When the word "have" shows up in a line of the records below, copy that line.

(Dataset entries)
::::::::::

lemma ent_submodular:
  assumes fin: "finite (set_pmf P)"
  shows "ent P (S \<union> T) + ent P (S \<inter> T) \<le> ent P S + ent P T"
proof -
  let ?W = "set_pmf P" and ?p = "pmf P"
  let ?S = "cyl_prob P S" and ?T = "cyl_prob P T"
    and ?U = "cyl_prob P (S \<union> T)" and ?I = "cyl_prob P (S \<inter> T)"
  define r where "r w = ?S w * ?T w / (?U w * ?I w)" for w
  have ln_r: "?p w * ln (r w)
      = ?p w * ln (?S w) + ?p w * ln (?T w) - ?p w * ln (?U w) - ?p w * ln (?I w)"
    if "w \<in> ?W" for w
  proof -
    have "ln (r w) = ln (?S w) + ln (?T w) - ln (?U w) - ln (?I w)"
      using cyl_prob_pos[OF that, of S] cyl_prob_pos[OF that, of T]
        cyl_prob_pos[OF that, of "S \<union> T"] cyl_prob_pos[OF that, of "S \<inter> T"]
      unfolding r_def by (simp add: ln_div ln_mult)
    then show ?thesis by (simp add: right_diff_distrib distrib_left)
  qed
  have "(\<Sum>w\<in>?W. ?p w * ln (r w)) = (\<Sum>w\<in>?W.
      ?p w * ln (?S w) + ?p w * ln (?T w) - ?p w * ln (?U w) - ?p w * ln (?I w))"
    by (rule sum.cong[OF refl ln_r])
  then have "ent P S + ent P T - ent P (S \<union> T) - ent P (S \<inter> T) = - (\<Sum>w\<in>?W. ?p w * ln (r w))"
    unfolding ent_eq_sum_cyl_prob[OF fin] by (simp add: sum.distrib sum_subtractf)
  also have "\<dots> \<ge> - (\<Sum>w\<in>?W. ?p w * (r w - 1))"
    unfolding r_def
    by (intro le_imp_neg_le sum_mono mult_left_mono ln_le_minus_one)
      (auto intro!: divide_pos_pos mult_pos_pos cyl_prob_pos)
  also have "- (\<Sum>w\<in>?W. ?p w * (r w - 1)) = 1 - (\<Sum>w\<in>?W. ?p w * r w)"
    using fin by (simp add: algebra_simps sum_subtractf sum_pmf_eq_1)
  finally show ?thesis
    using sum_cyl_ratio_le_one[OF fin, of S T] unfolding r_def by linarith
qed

::::::::::

#### Reply to the task
  have ln_r: "?p w * ln (r w)
    have "ln (r w) = ln (?S w) + ln (?T w) - ln (?U w) - ln (?I w)"
  have "(\<Sum>w\<in>?W. ?p w * ln (r w)) = (\<Sum>w\<in>?W.
  then have "ent P S + ent P T - ent P (S \<union> T) - ent P (S \<inter> T) = - (\<Sum>w\<in>?W. ?p w * ln (r w))"
  also have "\<dots> \<ge> - (\<Sum>w\<in>?W. ?p w * (r w - 1))"
  also have "- (\<Sum>w\<in>?W. ?p w * (r w - 1)) = 1 - (\<Sum>w\<in>?W. ?p w * r w)"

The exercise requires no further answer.